▶ Aim of the task
Only one stretch of the data below is wanted: the lines from the one with "p1 * w1 \<noteq>" through the one with "unfolding M_poly_def by (simp add: algebra_simps)", repeated exactly.
··········
text \<open>A linear relation on the torus gives the linear disc \<open>\<lambda> \<mapsto> (z1 \<lambda>, z2 \<lambda>, z3 \<lambda>)\<close>: on it the
  quadratic part of \<open>M_poly\<close> is the conjugate of the linear part, multiplied by \<open>\<lambda>\<^sup>2\<close>.\<close>
lemma M_disc_through_origin_linear:
  assumes "cmod z1 = 1" "cmod z2 = 1" "cmod z3 = 1" "b1 * z1 + b2 * z2 + b3 * z3 = 0"
  shows "M_disc_through b1 b2 b3 0 0 0"
proof -
  have unit: "z1 * cnj z1 = 1" "z2 * cnj z2 = 1" "z3 * cnj z3 = 1"
    using assms(1-3) unit_mult_cnj by auto
  have "cnj b1 * cnj z1 + cnj b2 * cnj z2 + cnj b3 * cnj z3 = 0"
    using arg_cong[OF assms(4), of cnj] by simp
  with unit assms(4) have "M_poly b1 b2 b3 (z1 * l) (z2 * l) (z3 * l) = 0" for l
    unfolding M_poly_def by algebra
  then show ?thesis
    unfolding M_disc_through_def using proper_disc_map_rotation[OF assms(1)]
      proper_disc_map_rotation[OF assms(2)] proper_disc_map_rotation[OF assms(3)] by blast
qed

text \<open>With \<open>z\<^sub>1 = \<lambda>\<close> and \<open>z\<^sub>2 = z\<lambda>\<close> the equation \<open>M_poly b = 0\<close> is affine in \<open>z\<^sub>3\<close>, with
  solution \<open>z\<^sub>3 = \<lambda> blaschke b\<^sub>3 (b\<^sub>1 + b\<^sub>2 z) (z\<lambda>)\<close>.\<close>
lemma M_disc_through_origin_blaschke:
  assumes z: "cmod z = 1" and less: "cmod (b1 + b2 * z) < cmod b3"
  shows "M_disc_through b1 b2 b3 0 0 0"
  unfolding M_disc_through_def
proof (intro exI conjI ballI)
  define b where "b = b1 + b2 * z"
  have less_b: "cmod b < cmod b3"
    using less by (simp add: b_def)
  show "proper_disc_map 0 (\<lambda>l. l)"
    using proper_disc_map_rotation[of 1] by simp
  show "proper_disc_map 0 (\<lambda>l. z * l)"
    by (rule proper_disc_map_rotation[OF z])
  show "proper_disc_map 0 (\<lambda>l. l * blaschke b3 b (z * l))"
    by (rule proper_disc_map_blaschke[OF less_b z])
  fix l :: complex
  assume "l \<in> cball 0 1"
  then have den: "b3 - cnj b * (z * l) \<noteq> 0"
    using blaschke_denom_nonzero[OF less_b] z by (simp add: norm_mult)
  have "cnj b * z = cnj b1 * z + cnj b2"
    using unit_mult_cnj[OF z] by (simp add: b_def algebra_simps)
  with b_def have "M_poly b1 b2 b3 l (z * l) w = 0"
    if "w * (b3 - cnj b * (z * l)) = l * (cnj b3 * (z * l) - b)" for w
    using that unfolding M_poly_def by algebra
  then show "M_poly b1 b2 b3 l (z * l) (l * blaschke b3 b (z * l)) = 0"
    using den by (simp add: blaschke_def)
qed

lemma exists_unit_norm_add_mult:
  fixes b1 b2 :: complex
  obtains z where "cmod z = 1" "cmod (b1 + b2 * z) = \<bar>cmod b1 - cmod b2\<bar>"
proof (cases "b1 = 0 \<or> b2 = 0")
  case True
  then show ?thesis
    using that[of 1] by auto
next
  case False
  define z where "z = - (b1 * cmod b2) / (b2 * cmod b1)"
  have "b1 + b2 * z = b1 * of_real (1 - cmod b2 / cmod b1)"
    using False by (simp add: z_def field_simps)
  then have "cmod (b1 + b2 * z) = \<bar>cmod b1 * (1 - cmod b2 / cmod b1)\<bar>"
    by (simp only: norm_mult norm_of_real abs_mult abs_norm_cancel)
  also have "\<dots> = \<bar>cmod b1 - cmod b2\<bar>"
    using False by (simp add: right_diff_distrib)
  finally have "cmod (b1 + b2 * z) = \<bar>cmod b1 - cmod b2\<bar>" .
  moreover have "cmod z = 1"
    using False by (simp add: z_def norm_mult norm_divide)
  ultimately show ?thesis
    using that by blast
qed

lemma M_disc_through_origin_max3:
  assumes "cmod b1 \<le> cmod b3" "cmod b2 \<le> cmod b3"
  shows "M_disc_through b1 b2 b3 0 0 0"
proof (cases "b3 = 0")
  case True
  with assms have "b1 = 0" "b2 = 0"
    by auto
  with True show ?thesis
    by (intro M_disc_through_origin_linear[of 1 1 1]) simp_all
next
  case b3: False
  obtain z where z: "cmod z = 1" "cmod (b1 + b2 * z) = \<bar>cmod b1 - cmod b2\<bar>"
    using exists_unit_norm_add_mult .
  show ?thesis
  proof (cases "\<bar>cmod b1 - cmod b2\<bar> < cmod b3")
    case True
    then show ?thesis
      using M_disc_through_origin_blaschke z by simp
  next
    case False
    then have "cmod b2 = 0 \<and> cmod b1 = cmod b3 \<or> cmod b1 = 0 \<and> cmod b2 = cmod b3"
      using assms norm_ge_zero[of b1] norm_ge_zero[of b2] by arith
    then show ?thesis
    proof (elim disjE conjE)
      assume "cmod b2 = 0" "cmod b1 = cmod b3"
      then show ?thesis
        using M_disc_through_origin_linear[of 1 1 "- b1 / b3" b1 b2 b3] b3
        by (simp add: norm_divide)
    next
      assume "cmod b1 = 0" "cmod b2 = cmod b3"
      then show ?thesis
        using M_disc_through_origin_linear[of 1 1 "- b2 / b3" b1 b2 b3] b3
        by (simp add: norm_divide)
    qed
  qed
qed

lemma M_disc_through_origin: "M_disc_through b1 b2 b3 0 0 0"
proof -
  consider "cmod b1 \<le> cmod b3" "cmod b2 \<le> cmod b3"
    | "cmod b3 \<le> cmod b1" "cmod b2 \<le> cmod b1"
    | "cmod b1 \<le> cmod b2" "cmod b3 \<le> cmod b2"
    by linarith
  then show ?thesis
  proof cases
    case 1
    then show ?thesis
      by (rule M_disc_through_origin_max3)
  next
    case 2
    show ?thesis
      by (rule M_disc_through_swap13[OF M_disc_through_origin_max3[OF 2]])
  next
    case 3
    show ?thesis
      by (rule M_disc_through_swap23[OF M_disc_through_origin_max3[OF 3]])
  qed
qed

text \<open>The polynomial identity behind the Moebius transport below, with \<open>b\<close> and \<open>q\<close> standing for
  \<open>cnj a\<close> and \<open>cnj p\<close>.\<close>
lemma moebius_transport_identity:
  fixes a1 a2 a3 b1 b2 b3 p1 p2 p3 q1 q2 q3 w1 w2 w3 :: complex
  assumes "a1*p1 + a2*p2 + a3*p3 - b1*p2*p3 - b2*p1*p3 - b3*p1*p2 = 0"
    and "b1*q1 + b2*q2 + b3*q3 - a1*q2*q3 - a2*q1*q3 - a3*q1*q2 = 0"
  shows "a1*(w1+p1)*(1+q2*w2)*(1+q3*w3) + a2*(w2+p2)*(1+q1*w1)*(1+q3*w3)
       + a3*(w3+p3)*(1+q1*w1)*(1+q2*w2) - b1*(w2+p2)*(w3+p3)*(1+q1*w1)
       - b2*(w1+p1)*(w3+p3)*(1+q2*w2) - b3*(w1+p1)*(w2+p2)*(1+q3*w3)
     = (1-p1*q1)*(a1 - b2*p3 - b3*p2)*w1 + (1-p2*q2)*(a2 - b1*p3 - b3*p1)*w2
       + (1-p3*q3)*(a3 - b1*p2 - b2*p1)*w3 - (1-p1*q1)*(b1 - a2*q3 - a3*q2)*w2*w3
       - (1-p2*q2)*(b2 - a1*q3 - a3*q1)*w1*w3 - (1-p3*q3)*(b3 - a1*q2 - a2*q1)*w1*w2"
  using assms by algebra

lemma M_poly_disc_moebius:
  fixes a1 a2 a3 p1 p2 p3 w1 w2 w3 :: complex
  defines "b1 \<equiv> (1 - p1 * cnj p1) * (a1 - cnj a2 * p3 - cnj a3 * p2)"
      and "b2 \<equiv> (1 - p2 * cnj p2) * (a2 - cnj a1 * p3 - cnj a3 * p1)"
      and "b3 \<equiv> (1 - p3 * cnj p3) * (a3 - cnj a1 * p2 - cnj a2 * p1)"
  assumes p: "M_poly a1 a2 a3 p1 p2 p3 = 0"
    and d: "1 + cnj p1 * w1 \<noteq> 0" "1 + cnj p2 * w2 \<noteq> 0" "1 + cnj p3 * w3 \<noteq> 0"
  shows "M_poly a1 a2 a3 (disc_moebius p1 w1) (disc_moebius p2 w2) (disc_moebius p3 w3)
           * (1 + cnj p1 * w1) * (1 + cnj p2 * w2) * (1 + cnj p3 * w3)
         = M_poly b1 b2 b3 w1 w2 w3"
proof -
  have h: "a1*p1 + a2*p2 + a3*p3 - cnj a1*p2*p3 - cnj a2*p1*p3 - cnj a3*p1*p2 = 0"
    using p unfolding M_poly_def .
  have h': "cnj a1*cnj p1 + cnj a2*cnj p2 + cnj a3*cnj p3
      - a1*cnj p2*cnj p3 - a2*cnj p1*cnj p3 - a3*cnj p1*cnj p2 = 0"
    using arg_cong[OF h, of cnj] by simp
  define d1 d2 d3 where "d1 = 1 + cnj p1 * w1" and "d2 = 1 + cnj p2 * w2" and "d3 = 1 + cnj p3 * w3"
  define t1 t2 t3 where "t1 = disc_moebius p1 w1" and "t2 = disc_moebius p2 w2"
    and "t3 = disc_moebius p3 w3"
  have t: "t1 * d1 = w1 + p1" "t2 * d2 = w2 + p2" "t3 * d3 = w3 + p3"
    using d unfolding t1_def t2_def t3_def d1_def d2_def d3_def disc_moebius_def by simp_all
  have "M_poly a1 a2 a3 t1 t2 t3 * d1 * d2 * d3 =
      a1*(t1*d1)*d2*d3 + a2*(t2*d2)*d1*d3 + a3*(t3*d3)*d1*d2
      - cnj a1*(t2*d2)*(t3*d3)*d1 - cnj a2*(t1*d1)*(t3*d3)*d2 - cnj a3*(t1*d1)*(t2*d2)*d3"
    unfolding M_poly_def by (simp add: algebra_simps)
  also have "\<dots> = (1-p1*cnj p1)*(a1 - cnj a2*p3 - cnj a3*p2)*w1
      + (1-p2*cnj p2)*(a2 - cnj a1*p3 - cnj a3*p1)*w2 + (1-p3*cnj p3)*(a3 - cnj a1*p2 - cnj a2*p1)*w3
      - (1-p1*cnj p1)*(cnj a1 - a2*cnj p3 - a3*cnj p2)*w2*w3
      - (1-p2*cnj p2)*(cnj a2 - a1*cnj p3 - a3*cnj p1)*w1*w3
      - (1-p3*cnj p3)*(cnj a3 - a1*cnj p2 - a2*cnj p1)*w1*w2"
    unfolding t unfolding d1_def d2_def d3_def by (rule moebius_transport_identity[OF h h'])
  also have "\<dots> = M_poly b1 b2 b3 w1 w2 w3"
  proof -
    have "cnj b1 = (1-p1*cnj p1)*(cnj a1 - a2*cnj p3 - a3*cnj p2)"
      "cnj b2 = (1-p2*cnj p2)*(cnj a2 - a1*cnj p3 - a3*cnj p1)"
      "cnj b3 = (1-p3*cnj p3)*(cnj a3 - a1*cnj p2 - a2*cnj p1)"
      unfolding b1_def b2_def b3_def by (simp_all add: algebra_simps)
    then show ?thesis
      unfolding M_poly_def by (simp only: b1_def b2_def b3_def)
  qed
  finally show ?thesis
    unfolding t1_def t2_def t3_def d1_def d2_def d3_def .
qed

lemma M_disc_through_point:
  assumes p: "cmod p1 < 1" "cmod p2 < 1" "cmod p3 < 1" and "M_poly a1 a2 a3 p1 p2 p3 = 0"
  shows "M_disc_through a1 a2 a3 p1 p2 p3"
proof -
  define b1 where "b1 \<equiv> (1 - p1 * cnj p1) * (a1 - cnj a2 * p3 - cnj a3 * p2)"
  define b2 where "b2 \<equiv> (1 - p2 * cnj p2) * (a2 - cnj a1 * p3 - cnj a3 * p1)"
  define b3 where "b3 \<equiv> (1 - p3 * cnj p3) * (a3 - cnj a1 * p2 - cnj a2 * p1)"
  obtain w1 w2 w3 where w: "proper_disc_map 0 w1" "proper_disc_map 0 w2" "proper_disc_map 0 w3"
    and wb: "\<forall>l\<in>cball 0 1. M_poly b1 b2 b3 (w1 l) (w2 l) (w3 l) = 0"
    using M_disc_through_origin[of b1 b2 b3] unfolding M_disc_through_def by blast
  have "M_poly a1 a2 a3 (disc_moebius p1 (w1 l)) (disc_moebius p2 (w2 l)) (disc_moebius p3 (w3 l)) = 0"
    if l: "l \<in> cball 0 1" for l
  proof -
    have d: "1 + cnj p1 * w1 l \<noteq> 0" "1 + cnj p2 * w2 l \<noteq> 0" "1 + cnj p3 * w3 l \<noteq> 0"
      using blaschke_denom_nonzero[of "- _" 1] p proper_disc_map_norm_le_1[OF _ l] w by auto
    show ?thesis
      using M_poly_disc_moebius[OF assms(4) d] wb l d unfolding b1_def b2_def b3_def by simp
  qed
  then show ?thesis
    unfolding M_disc_through_def
    using proper_disc_map_disc_moebius[OF p(1) w(1)] proper_disc_map_disc_moebius[OF p(2) w(2)]
      proper_disc_map_disc_moebius[OF p(3) w(3)] by blast
qed

lemma polydisc3_eq: "polydisc3 = ball 0 1 \<times> ball 0 1 \<times> ball 0 1"
  unfolding polydisc3_def by auto

lemma torus3_eq: "torus3 = sphere 0 1 \<times> sphere 0 1 \<times> sphere 0 1"
  unfolding torus3_def by auto

lemma closure_subset_cball3:
  assumes "M \<subseteq> polydisc3"
  shows "closure M \<subseteq> cball 0 1 \<times> cball 0 1 \<times> cball 0 1"
  by (rule closure_minimal) (use assms in \<open>auto simp: polydisc3_eq intro!: closed_Times\<close>)

lemma holomorphic_on_compose_subvariety:
  assumes f: "holomorphic_on_subvariety f M"
    and g: "g1 holomorphic_on S" "g2 holomorphic_on S" "g3 holomorphic_on S"
    and S: "open S" and inM: "\<And>l. l \<in> S \<Longrightarrow> (g1 l, g2 l, g3 l) \<in> M"
  shows "(\<lambda>l. f (g1 l, g2 l, g3 l)) holomorphic_on S"
  unfolding holomorphic_on_def
proof
  fix l0
  assume l0: "l0 \<in> S"
  define G where "G = (\<lambda>l. (g1 l, g2 l, g3 l))"
  obtain U F where U: "open U" "G l0 \<in> U" and FM: "\<forall>q\<in>U \<inter> M. F q = f q"
    and "holomorphic3_on F U"
    using f inM[OF l0] unfolding holomorphic_on_subvariety_def G_def by blast
  then obtain D where D: "(F has_derivative D) (at (G l0))"
    and D_linear: "\<And>c v1 v2 v3. D (c * v1, c * v2, c * v3) = c * D (v1, v2, v3)"
    unfolding holomorphic3_on_def by blast
  define G' where "G' = (deriv g1 l0, deriv g2 l0, deriv g3 l0)"
  have "(G has_derivative (\<lambda>h. (deriv g1 l0 * h, deriv g2 l0 * h, deriv g3 l0 * h))) (at l0)"
    unfolding G_def using g holomorphic_derivI[OF _ S l0]
    by (intro has_derivative_Pair) (auto simp: has_field_derivative_def)
  from diff_chain_at[OF this D] have FG: "(F \<circ> G has_derivative (\<lambda>h. D G' * h)) (at l0)"
    using D_linear[of _ "deriv g1 l0" "deriv g2 l0" "deriv g3 l0"]
    by (simp add: o_def G'_def mult.commute)
  have "continuous_on S G"
    unfolding G_def using g by (intro continuous_on_Pair holomorphic_on_imp_continuous_on)
  then have V: "open (S \<inter> G -` U)"
    by (rule continuous_open_preimage[OF _ S U(1)])
  have "(F \<circ> G) l = f (g1 l, g2 l, g3 l)" if "l \<in> S \<inter> G -` U" for l
    using that FM inM unfolding G_def by auto
  then have "((\<lambda>l. f (g1 l, g2 l, g3 l)) has_derivative (\<lambda>h. D G' * h)) (at l0)"
    using has_derivative_transform_within_open[OF FG V] l0 U(2) by auto
  then have "((\<lambda>l. f (g1 l, g2 l, g3 l)) has_field_derivative D G') (at l0)"
    by (simp add: has_field_derivative_def)
  then show "(\<lambda>l. f (g1 l, g2 l, g3 l)) field_differentiable at l0 within S"
    using field_differentiable_at_within field_differentiable_def by blast
qed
··········
▶ Result
    and d: "1 + cnj p1 * w1 \<noteq> 0" "1 + cnj p2 * w2 \<noteq> 0" "1 + cnj p3 * w3 \<noteq> 0"
  shows "M_poly a1 a2 a3 (disc_moebius p1 w1) (disc_moebius p2 w2) (disc_moebius p3 w3)
           * (1 + cnj p1 * w1) * (1 + cnj p2 * w2) * (1 + cnj p3 * w3)
         = M_poly b1 b2 b3 w1 w2 w3"
proof -
  have h: "a1*p1 + a2*p2 + a3*p3 - cnj a1*p2*p3 - cnj a2*p1*p3 - cnj a3*p1*p2 = 0"
    using p unfolding M_poly_def .
  have h': "cnj a1*cnj p1 + cnj a2*cnj p2 + cnj a3*cnj p3
      - a1*cnj p2*cnj p3 - a2*cnj p1*cnj p3 - a3*cnj p1*cnj p2 = 0"
    using arg_cong[OF h, of cnj] by simp
  define d1 d2 d3 where "d1 = 1 + cnj p1 * w1" and "d2 = 1 + cnj p2 * w2" and "d3 = 1 + cnj p3 * w3"
  define t1 t2 t3 where "t1 = disc_moebius p1 w1" and "t2 = disc_moebius p2 w2"
    and "t3 = disc_moebius p3 w3"
  have t: "t1 * d1 = w1 + p1" "t2 * d2 = w2 + p2" "t3 * d3 = w3 + p3"
    using d unfolding t1_def t2_def t3_def d1_def d2_def d3_def disc_moebius_def by simp_all
  have "M_poly a1 a2 a3 t1 t2 t3 * d1 * d2 * d3 =
      a1*(t1*d1)*d2*d3 + a2*(t2*d2)*d1*d3 + a3*(t3*d3)*d1*d2
      - cnj a1*(t2*d2)*(t3*d3)*d1 - cnj a2*(t1*d1)*(t3*d3)*d2 - cnj a3*(t1*d1)*(t2*d2)*d3"
    unfolding M_poly_def by (simp add: algebra_simps)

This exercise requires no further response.